How can I compute this operations with big.matrix objects?
回答1:
With big.matrix
objects, I found 2 solutions that offer good performances:
- code a function in Rcpp for what you specifically need. Here, 2 nested for loops would do the trick. Yet, you can't recode everything you need.
- use an R function on column blocks of your
big.matrix
and aggregate the results. It is easy to do and uses R code only.
In your case, with 10,000 times more columns:
require(bigmemory)
x <- as.big.matrix(
matrix( sample(1:10, 20000, replace=TRUE), 5, 40000,
dimnames=list( NULL, rep(c("a", "b", "c", "d"), 10000) ) ) )
print(system.time(
true <- sqrt(colSums(x[,]^2))
))
print(system.time(
test1 <- biganalytics::apply(x, 2, function(x) {sqrt(sum(x^2))})
))
print(all.equal(test1, true))
So, colSums
is very fast but needs all the matrix in the RAM, whereas biganalytics::apply
is slow, but memory-efficient. A compromise would be to use something like this:
CutBySize <- function(m, block.size, nb = ceiling(m / block.size)) {
int <- m / nb
upper <- round(1:nb * int)
lower <- c(1, upper[-nb] + 1)
size <- c(upper[1], diff(upper))
cbind(lower, upper, size)
}
seq2 <- function(lims) seq(lims["lower"], lims["upper"])
require(foreach)
big_aggregate <- function(X, FUN, .combine, block.size = 1e3) {
intervals <- CutBySize(ncol(X), block.size)

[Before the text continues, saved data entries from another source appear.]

lemma avg_fobj_fst_step_le:
  "avg (samples \<beta>) (\<lambda>\<tau>. fobj A b \<beta> (fst (step \<tau> s))) \<le> (1 + \<delta>)\<^sup>2 * fobj A b \<beta> (y_of s)"
proof -
  have "avg (samples \<beta>) (\<lambda>\<tau>. fobj A b \<beta> (fst (step \<tau> s)))
      \<le> avg (samples \<beta>) (\<lambda>\<tau>. (1 + \<delta>) * (fobj A b \<beta> (y_of s) + \<delta> / 2 * (max_viol A b \<tau> (y_of s))\<^sup>2))"
    by (rule avg_mono) (rule fobj_fst_step_le)
  also have "\<dots> = (1 + \<delta>) * (fobj A b \<beta> (y_of s) + \<delta> / 2 * (2 * fobj A b \<beta> (y_of s)))"
    unfolding avg_cmult avg_add avg_const[OF samples_finite_nonempty] avg_max_viol_sq ..
  also have "\<dots> = (1 + \<delta>)\<^sup>2 * fobj A b \<beta> (y_of s)"
    by (simp add: algebra_simps power2_eq_square)
  finally show ?thesis .
qed

lemma states_Nil [simp]: "states x0 [] = (x0, x0)"
  unfolding states_def by simp

lemma states_snoc [simp]: "states x0 (ts @ [t]) = step t (states x0 ts)"
  unfolding states_def by simp

lemma paskm_y_eq: "paskm_y A b sel \<alpha> \<omega> \<delta> \<gamma> x0 ts = y_of (states x0 ts)"
  unfolding paskm_y_def y_of_def states_def Let_def ..

lemma expected_fobj_y_0: "expected_fobj_y x0 0 = fobj A b \<beta> x0"
  unfolding expected_fobj_y_def sample_seqs_0 avg_singleton by (simp add: y_of_diag)

lemma expected_fobj_y_nonneg: "0 \<le> expected_fobj_y x0 l"
  unfolding expected_fobj_y_def by (rule avg_nonneg) (rule fobj_nonneg)

lemma expected_fobj_x_Suc_le: "expected_fobj_x x0 (Suc l) \<le> (1 + \<delta>)\<^sup>2 * expected_fobj_y x0 l"
proof -
  have "expected_fobj_x x0 (Suc l)
      = avg (sample_seqs \<beta> l) (\<lambda>ts. avg (samples \<beta>) (\<lambda>t. fobj A b \<beta> (fst (step t (states x0 ts)))))"
    unfolding expected_fobj_x_def avg_sample_seqs_Suc by simp
  also have "\<dots> \<le> avg (sample_seqs \<beta> l) (\<lambda>ts. (1 + \<delta>)\<^sup>2 * fobj A b \<beta> (y_of (states x0 ts)))"
    by (rule avg_mono) (rule avg_fobj_fst_step_le)
  finally show ?thesis
    unfolding avg_cmult expected_fobj_y_def .
qed

lemma expect_fobj_ybar_le:
  assumes "1 \<le> k"
  shows "expect_seqs \<beta> k (\<lambda>ts. fobj A b \<beta> (paskm_ybar A b sel \<alpha> \<omega> \<delta> \<gamma> x0 ts))
    \<le> (\<Sum>l=1..k. expected_fobj_y x0 l) / real k"
proof -
  have "expect_seqs \<beta> k (\<lambda>ts. fobj A b \<beta> (paskm_ybar A b sel \<alpha> \<omega> \<delta> \<gamma> x0 ts))
      \<le> avg (sample_seqs \<beta> k) (\<lambda>ts. (\<Sum>l=1..k. fobj A b \<beta> (y_of (states x0 (take l ts)))) / real k)"
    unfolding expect_seqs_eq_avg
  proof (rule avg_mono)
    fix ts :: "'m set list"
    assume "ts \<in> sample_seqs \<beta> k"
    then have "length ts = k"
      by (simp add: sample_seqs_def)
    then show "fobj A b \<beta> (paskm_ybar A b sel \<alpha> \<omega> \<delta> \<gamma> x0 ts)
        \<le> (\<Sum>l=1..k. fobj A b \<beta> (y_of (states x0 (take l ts)))) / real k"
      unfolding paskm_ybar_def paskm_y_eq using fobj_mean_le[OF beta(1) assms] by simp
  qed
  also have "\<dots> = (\<Sum>l=1..k. expected_fobj_y x0 l) / real k"
  proof -
    have "avg (sample_seqs \<beta> k) (\<lambda>ts. fobj A b \<beta> (y_of (states x0 (take l ts)))) = expected_fobj_y x0 l"
      if "l \<in> {1..k}" for l
      unfolding expected_fobj_y_def using that by (intro avg_sample_seqs_take[OF beta(2)]) simp
    then show ?thesis
      unfolding avg_divide avg_sum by simp
  qed
  finally show ?thesis .
qed

end

locale paskm_anchored = paskm A b sel \<beta> \<alpha> \<omega> \<delta> \<gamma>
  for A :: "real^'n^('m::finite)" and b sel \<beta> \<alpha> \<omega> \<delta> \<gamma> +
  fixes p :: "real^'n"
  assumes feasible: "p \<in> feas_set A b"
begin

text \<open>Thanks to the relation between \<open>\<gamma>\<close> and \<open>\<delta>\<close>, a PASKM step acts on \<open>z\<close> as a plain
  Kaczmarz step.\<close>

definition z :: "(real^'n) \<times> (real^'n) \<Rightarrow> real^'n" where
  "z s = \<alpha> *\<^sub>R snd s + ((1 - \<omega>) * (1 - \<alpha>)) *\<^sub>R fst s - (1 - \<theta>) *\<^sub>R p"

definition lyap :: "(real^'n) \<times> (real^'n) \<Rightarrow> real" where
  "lyap s = (norm (z s))\<^sup>2"

definition expected_lyap :: "real^'n \<Rightarrow> nat \<Rightarrow> real" where
  "expected_lyap x0 l = avg (sample_seqs \<beta> l) (\<lambda>ts. lyap (states x0 ts))"

lemma z_step: "z (step \<tau> s) = z s - (\<delta> * viol A b (sel \<tau> (y_of s)) (y_of s)) *\<^sub>R A $ sel \<tau> (y_of s)"
proof -
  obtain x v where s: "s = (x, v)"
    by force
  define y where "y = y_of s"
  define i where "i = sel \<tau> y"
  define r where "r = viol A b i y"
  have y: "y = \<alpha> *\<^sub>R v + (1 - \<alpha>) *\<^sub>R x"
    unfolding y_def y_of_def s by simp
  have step: "step \<tau> s = (y - (\<delta> * r) *\<^sub>R A$i, \<omega> *\<^sub>R v + (1 - \<omega>) *\<^sub>R y - (\<gamma> * r) *\<^sub>R A$i)"
    unfolding paskm_step_def s Let_def i_def r_def y_def y_of_def by simp
  have "\<alpha> * (\<gamma> * r) + (1 - \<omega>) * (1 - \<alpha>) * (\<delta> * r) = (\<alpha> * \<gamma> + (1 - \<omega>) * (1 - \<alpha>) * \<delta>) * r"
    by (simp add: algebra_simps)
  also have "\<alpha> * \<gamma> + (1 - \<omega>) * (1 - \<alpha>) * \<delta> = \<delta>"
    using gamma by (simp add: algebra_simps)
  finally have coeff: "\<alpha> * (\<gamma> * r) + (1 - \<omega>) * (1 - \<alpha>) * (\<delta> * r) = \<delta> * r" .
  have "z (step \<tau> s) = \<alpha> *\<^sub>R v + ((1 - \<omega>) * (1 - \<alpha>)) *\<^sub>R x - (1 - \<theta>) *\<^sub>R p
      - (\<alpha> * (\<gamma> * r) + (1 - \<omega>) * (1 - \<alpha>) * (\<delta> * r)) *\<^sub>R A$i"
    unfolding z_def step y vec_eq_iff by (simp add: algebra_simps)
  also have "\<dots> = z s - (\<delta> * r) *\<^sub>R A$i"
    unfolding coeff z_def s by simp
  finally show ?thesis
    unfolding r_def i_def y_def .
qed

lemma inner_z: "a \<bullet> z s = a \<bullet> y_of s - \<theta> * (a \<bullet> fst s) - (1 - \<theta>) * (a \<bullet> p)"
  unfolding z_def y_of_def by (simp add: inner_diff_right inner_add_right algebra_simps)

lemma viol_inner_z_ge:
  "(viol A b i (y_of s))\<^sup>2 - \<theta> * viol A b i (y_of s) * viol A b i (fst s)
    \<le> viol A b i (y_of s) * (A$i \<bullet> z s)"
proof (cases "A$i \<bullet> y_of s \<le> b$i")
  case True
  then show ?thesis
    by (simp add: viol_def)
next
  case False
  let ?r = "viol A b i (y_of s)" and ?t = "viol A b i (fst s)"
  have r: "?r = A$i \<bullet> y_of s - b$i"
    using False by (simp add: viol_def)
  have "(1 - \<theta>) * (A$i \<bullet> p) \<le> (1 - \<theta>) * b$i"
    using feasible theta_le_1 by (intro mult_left_mono) (auto simp: feas_set_def)
  moreover have "\<theta> * (A$i \<bullet> fst s) \<le> \<theta> * (b$i + ?t)"
    using theta_nonneg by (intro mult_left_mono) (auto simp: viol_def)
  ultimately have "?r - \<theta> * ?t \<le> A$i \<bullet> z s"
    unfolding inner_z r by (simp add: algebra_simps)
  then have "?r * (?r - \<theta> * ?t) \<le> ?r * (A$i \<bullet> z s)"
    by (rule mult_left_mono) (simp add: viol_def)
  then show ?thesis
    by (simp add: algebra_simps power2_eq_square)
qed

lemma lyap_step_le:
  fixes s :: "(real^'n) \<times> (real^'n)" and \<tau> :: "'m set"
  defines "y \<equiv> y_of s" and "i \<equiv> sel \<tau> (y_of s)"
  shows "lyap (step \<tau> s)
    \<le> lyap s - (2 * \<delta> - \<delta>\<^sup>2) * (viol A b i y)\<^sup>2 + 2 * \<delta> * \<theta> * viol A b i y * viol A b i (fst s)"
proof -
  let ?r = "viol A b i y"
  have unit: "A$i \<bullet> A$i = 1"
    using rows[of i] by (metis power2_norm_eq_inner power_one)
  have "lyap (step \<tau> s) = (z s - (\<delta> * ?r) *\<^sub>R A$i) \<bullet> (z s - (\<delta> * ?r) *\<^sub>R A$i)"
    unfolding lyap_def z_step power2_norm_eq_inner y_def i_def ..
  also have "\<dots> = lyap s - 2 * \<delta> * (?r * (A$i \<bullet> z s)) + \<delta>\<^sup>2 * ?r\<^sup>2"
    unfolding lyap_def power2_norm_eq_inner using unit
    by (simp add: inner_diff_left inner_diff_right inner_commute algebra_simps power2_eq_square)
  also have "\<dots> \<le> lyap s - 2 * \<delta> * (?r\<^sup>2 - \<theta> * ?r * viol A b i (fst s)) + \<delta>\<^sup>2 * ?r\<^sup>2"
    using viol_inner_z_ge[of i s] delta unfolding y_def by (simp add: mult_left_mono)
  finally show ?thesis
    by (simp add: algebra_simps power2_eq_square)
qed

lemma avg_lyap_step_le:
  "avg (samples \<beta>) (\<lambda>\<tau>. lyap (step \<tau> s))
    \<le> lyap s - 2 * (2 * \<delta> - \<delta>\<^sup>2 - \<delta> * \<theta> * (1 + \<delta>)) * fobj A b \<beta> (y_of s)
       + 2 * \<delta> * \<theta> / (1 + \<delta>) * fobj A b \<beta> (fst s)"
proof -
  have "lyap (step \<tau> s)
      \<le> lyap s - (2 * \<delta> - \<delta>\<^sup>2 - \<delta> * \<theta> * (1 + \<delta>)) * (max_viol A b \<tau> (y_of s))\<^sup>2
         + \<delta> * \<theta> / (1 + \<delta>) * (max_viol A b \<tau> (fst s))\<^sup>2"
    if \<tau>: "\<tau> \<in> samples \<beta>" for \<tau>
  proof -
    define r where "r = max_viol A b \<tau> (y_of s)"
    define t where "t = viol A b (sel \<tau> (y_of s)) (fst s)"
    have "sel \<tau> (y_of s) \<in> \<tau>"
      using sel[OF \<tau>] by blast
    then have t: "0 \<le> t" "t \<le> max_viol A b \<tau> (fst s)"
      unfolding t_def using viol_le_max_viol[OF sample_finite_nonempty(1)[OF \<tau>]] by (simp_all add: viol_def)
    have "2 * r * t \<le> t\<^sup>2 / (1 + \<delta>) + (1 + \<delta>) * r\<^sup>2"
    proof -
      have "0 \<le> (t - (1 + \<delta>) * r)\<^sup>2 / (1 + \<delta>)"
        using delta by simp
      then show ?thesis
        using delta by (simp add: field_simps power2_eq_square)
    qed
    moreover have "t\<^sup>2 / (1 + \<delta>) \<le> (max_viol A b \<tau> (fst s))\<^sup>2 / (1 + \<delta>)"
      using power_mono[OF t(2) t(1)] delta by (intro divide_right_mono) auto
    ultimately have "2 * r * t \<le> (max_viol A b \<tau> (fst s))\<^sup>2 / (1 + \<delta>) + (1 + \<delta>) * r\<^sup>2"
      by linarith
    then have "\<delta> * \<theta> * (2 * r * t) \<le> \<delta> * \<theta> * ((max_viol A b \<tau> (fst s))\<^sup>2 / (1 + \<delta>) + (1 + \<delta>) * r\<^sup>2)"
      using delta theta_nonneg by (intro mult_left_mono) auto
    moreover have "lyap (step \<tau> s) \<le> lyap s - (2 * \<delta> - \<delta>\<^sup>2) * r\<^sup>2 + \<delta> * \<theta> * (2 * r * t)"
      using lyap_step_le[of \<tau> s] viol_sel_eq_max_viol[OF \<tau>] unfolding r_def t_def
      by (simp add: algebra_simps)
    ultimately show ?thesis
      unfolding r_def by (simp add: algebra_simps)
  qed
  then have "avg (samples \<beta>) (\<lambda>\<tau>. lyap (step \<tau> s))
      \<le> avg (samples \<beta>) (\<lambda>\<tau>. lyap s - (2 * \<delta> - \<delta>\<^sup>2 - \<delta> * \<theta> * (1 + \<delta>)) * (max_viol A b \<tau> (y_of s))\<^sup>2
         + \<delta> * \<theta> / (1 + \<delta>) * (max_viol A b \<tau> (fst s))\<^sup>2)"
    by (rule avg_mono)
  also have "\<dots> = lyap s - (2 * \<delta> - \<delta>\<^sup>2 - \<delta> * \<theta> * (1 + \<delta>)) * (2 * fobj A b \<beta> (y_of s))
       + \<delta> * \<theta> / (1 + \<delta>) * (2 * fobj A b \<beta> (fst s))"
    unfolding avg_add avg_diff avg_cmult avg_const[OF samples_finite_nonempty] avg_max_viol_sq ..
  finally show ?thesis
    by (simp add: algebra_simps)
qed

text \<open>At \<open>x = v\<close>, as for the initial state, the cross term is bounded by the selected
  violation itself, so no \<open>f(x)\<close> term appears.\<close>

lemma avg_lyap_step_le_diag:
  assumes "fst s = snd s"
  shows "avg (samples \<beta>) (\<lambda>\<tau>. lyap (step \<tau> s))
    \<le> lyap s - 2 * (2 * \<delta> * (1 - \<theta>) - \<delta>\<^sup>2) * fobj A b \<beta> (y_of s)"
proof -
  have "lyap (step \<tau> s) \<le> lyap s - (2 * \<delta> * (1 - \<theta>) - \<delta>\<^sup>2) * (max_viol A b \<tau> (y_of s))\<^sup>2"
    if \<tau>: "\<tau> \<in> samples \<beta>" for \<tau>
    using lyap_step_le[of \<tau> s] viol_sel_eq_max_viol[OF \<tau>] y_of_diag[OF assms]
    by (simp add: algebra_simps power2_eq_square)
  then have "avg (samples \<beta>) (\<lambda>\<tau>. lyap (step \<tau> s))
      \<le> avg (samples \<beta>) (\<lambda>\<tau>. lyap s - (2 * \<delta> * (1 - \<theta>) - \<delta>\<^sup>2) * (max_viol A b \<tau> (y_of s))\<^sup>2)"
    by (rule avg_mono)
  also have "\<dots> = lyap s - (2 * \<delta> * (1 - \<theta>) - \<delta>\<^sup>2) * (2 * fobj A b \<beta> (y_of s))"
    unfolding avg_diff avg_cmult avg_const[OF samples_finite_nonempty] avg_max_viol_sq ..
  finally show ?thesis
    by (simp add: algebra_simps)
qed
theorem mainTheorem11:
  fixes k1 k3 :: real
    and f2 F0 :: "real \<Rightarrow> real"
    and V1 V2 V3 :: "real \<Rightarrow> real \<Rightarrow> real \<Rightarrow> real"
  assumes hk1: "k1 \<noteq> 0" and hk3: "k3 \<noteq> 0"
    and hf2: "smooth1 f2" and hf2nz: "\<forall>x. f2 x \<noteq> 0"
    and hF0: "\<forall>x. (F0 has_real_derivative (- (f2 x)\<^sup>2 / k1)) (at x)"
    and hV: "smooth3 V1" "smooth3 V2" "smooth3 V3"
  shows "is_killing
           (\<lambda>i j x1 x2 x3. if i \<noteq> j then 0
                           else if i = 1 then 1 / k1\<^sup>2
                           else if i = 2 then 1 / (f2 x1)\<^sup>2
                           else 1 / k3\<^sup>2)
           (\<lambda>i x1 x2 x3. if i = 1 then k1 * V1 x1 x2 x3
                         else if i = 2 then f2 x1 * V2 x1 x2 x3
                         else k3 * V3 x1 x2 x3)
    \<longleftrightarrow>
    ((\<exists>c1 c2. \<forall>x1 x2 x3. V1 x1 x2 x3 = 0 \<and> V2 x1 x2 x3 = c1 / f2 x1 \<and> V3 x1 x2 x3 = c2)
   \<or> (\<exists>k2. (\<forall>x. f2 x = k2) \<and>
        (\<exists>c1 c2 c3 c4 c5 c6. \<forall>x1 x2 x3.
           V1 x1 x2 x3 = c1 * x2 + c2 * x3 + c3 \<and>
           V2 x1 x2 x3 = - (c1 * k2 / k1) * x1 - c4 * k2 * x3 + c5 \<and>
           V3 x1 x2 x3 = - (c2 * k3 / k1) * x1 + c4 * k3 * x2 + c6))
   \<or> (\<exists>a1 a2. a1 \<noteq> 0 \<and> a2 \<noteq> 0 \<and> (\<forall>x. f2 x = a1 * exp (a2 * x)) \<and>
        (\<exists>c1 c2 c3 c4. \<forall>x1 x2 x3.
           V1 x1 x2 x3 = c1 * x2 + c2 \<and>
           V2 x1 x2 x3 = k1 * (deriv f2 x1 / (f2 x1)\<^sup>2) * (c1 / 2 * x2\<^sup>2 + c2 * x2 + c3)
                         + (c1 * F0 x1 + c4) / f2 x1 \<and>
           V3 x1 x2 x3 = c3))
   \<or> (\<exists>k. 0 < k \<and>
        (\<forall>x. k1\<^sup>2 / (f2 x)\<^sup>2 * deriv (\<lambda>t. deriv f2 t / f2 t) x = k) \<and>
        (\<exists>c1 c2 c3 c4. \<forall>x1 x2 x3.
           V1 x1 x2 x3 = c1 * cos (sqrt k * x2) + c2 * sin (sqrt k * x2) \<and>
           V2 x1 x2 x3 = k1 * (deriv f2 x1 / (f2 x1)\<^sup>2) *
                           (1 / sqrt k * (c1 * sin (sqrt k * x2) - c2 * cos (sqrt k * x2)) + c3)
                         + (c3 * k * F0 x1 + c4) / f2 x1 \<and>
           V3 x1 x2 x3 = c3))
   \<or> (\<exists>k. k < 0 \<and>
        (\<forall>x. k1\<^sup>2 / (f2 x)\<^sup>2 * deriv (\<lambda>t. deriv f2 t / f2 t) x = k) \<and>
        (\<exists>c1 c2 c3 c4. \<forall>x1 x2 x3.
           V1 x1 x2 x3 = c1 * exp (sqrt (- k) * x2) + c2 * exp (- sqrt (- k) * x2) \<and>
           V2 x1 x2 x3 = k1 * (deriv f2 x1 / (f2 x1)\<^sup>2) *
                           (1 / sqrt (- k) * (c1 * exp (sqrt (- k) * x2) - c2 * exp (- sqrt (- k) * x2)) + c3)
                         + (c3 * k * F0 x1 + c4) / f2 x1 \<and>
           V3 x1 x2 x3 = c3)))"
  using is_killing_iff_families[OF hk1 hk3 hf2 hf2nz[rule_format] hF0[rule_format] hV]
  unfolding translation_family_def flat_family_def exponential_family_def
    trigonometric_family_def hyperbolic_family_def log_deriv_def[abs_def] .

end
lemma floor_residue_eq:
  fixes T :: real
  assumes "T > 0" "0 \<le> s" "s < T" "\<theta> = s + T * of_int k"
  shows "\<theta> - T * of_int \<lfloor>\<theta> / T\<rfloor> = s"
proof -
  have "\<theta> / T = of_int k + s / T"
    using assms by (simp add: field_simps)
  then have "\<lfloor>\<theta> / T\<rfloor> = k"
    using assms by (simp add: floor_eq_iff)
  then show ?thesis
    using assms by simp
qed

lemma cross_polar_points:
  "cross (r1 * cos a1, r1 * sin a1) (r2 * cos a2, r2 * sin a2) = r1 * r2 * sin (a2 - a1)"
  unfolding cross_def by (simp add: sin_diff algebra_simps)

lemma negligible_line_through_origin:
  assumes "u \<noteq> 0"
  shows "negligible {x. cross u x = 0}"
proof -
  have "{x. cross u x = 0} = {x. (- snd u, fst u) \<bullet> x = 0}"
    by (auto simp: cross_def inner_prod_def algebra_simps)
  moreover have "(- snd u, fst u) \<noteq> 0"
    using assms by (auto simp: prod_eq_iff)
  ultimately show ?thesis
    using negligible_hyperplane by metis
qed

lemma negligible_ray:
  fixes t :: real
  shows "negligible {x. \<exists>r. x = (r * cos t, r * sin t)}"
proof -
  have "(cos t, sin t) \<noteq> 0"
    using norm_polar_point[of 1 t] by auto
  moreover have "{x. \<exists>r. x = (r * cos t, r * sin t)} \<subseteq> {x. cross (cos t, sin t) x = 0}"
    by (auto simp: cross_def)
  ultimately show ?thesis
    using negligible_line_through_origin negligible_subset by blast
qed

section \<open>Sector areas of symmetric convex bodies\<close>

definition symmetric_convex_body :: "(real \<times> real) set \<Rightarrow> bool" where
  "symmetric_convex_body S \<longleftrightarrow> compact S \<and> convex S \<and> (\<forall>x\<in>S. - x \<in> S) \<and> 0 \<in> interior S"

definition sector_area :: "(real \<times> real) set \<Rightarrow> real \<Rightarrow> real" where
  "sector_area S \<beta> = measure lebesgue (sector S \<beta>)"

lemma sector_eq_polar_angle_le:
  assumes "0 \<le> \<beta>"
  shows "sector S \<beta> = {x\<in>S. x = 0 \<or> polar_angle x \<le> \<beta>}"
proof (intro set_eqI iffI)
  fix x assume "x \<in> sector S \<beta>"
  then obtain r t where x: "x \<in> S" "r \<ge> 0" "t \<in> {0..\<beta>}" "x = (r * cos t, r * sin t)"
    unfolding sector_def by blast
  then show "x \<in> {x\<in>S. x = 0 \<or> polar_angle x \<le> \<beta>}"
    using polar_angle_polar_point_le[of r t] by (cases "r = 0") (auto simp: zero_prod_def)
next
  fix x assume x: "x \<in> {x\<in>S. x = 0 \<or> polar_angle x \<le> \<beta>}"
  show "x \<in> sector S \<beta>"
  proof (cases "x = 0")
    case True
    then show ?thesis
      using x assms unfolding sector_def by (auto simp: zero_prod_def intro!: exI[of _ 0] bexI[of _ 0])
  next
    case False
    then show ?thesis
      using x polar_decomposition[of x] polar_angle_nonneg[of x] unfolding sector_def
      by (auto intro!: exI[of _ "norm x"] bexI[of _ "polar_angle x"])
  qed
qed

lemma sector_mono: "\<alpha> \<le> \<beta> \<Longrightarrow> sector S \<alpha> \<subseteq> sector S \<beta>"
  unfolding sector_def by fastforce

lemma sector_empty: "\<beta> < 0 \<Longrightarrow> sector S \<beta> = {}"
  unfolding sector_def by auto

lemma sector_full:
  assumes "2 * pi \<le> \<beta>"
  shows "sector S \<beta> = S"
proof -
  have "0 \<le> \<beta>"
    using assms pi_gt_zero by linarith
  moreover have "polar_angle x \<le> \<beta>" for x
    using assms polar_angle_less_2pi[of x] by linarith
  ultimately show ?thesis
    using sector_eq_polar_angle_le[of \<beta> S] by auto
qed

foreach(k = 1:nrow(intervals), .combine = .combine) %do% {
FUN(X[, seq2(intervals[k, ])])
}
}
print(system.time(
test2 <- big_aggregate(x, function(X) sqrt(colSums(X^2)), .combine = 'c')
))
print(all.equal(test2, true))
Edit: This is now implemented in package bigstatsr:
print(system.time(
test2 <- bigstatsr::big_apply(x, a.FUN = function(X, ind) {
sqrt(colSums(X[, ind]^2))
}, a.combine = 'c')
))
print(all.equal(test2, true))
回答2:
I don't know if it's the fastest way to do it, by try with:
biganalytics::apply(x, 2, function(x) {sqrt(sum(x^2))})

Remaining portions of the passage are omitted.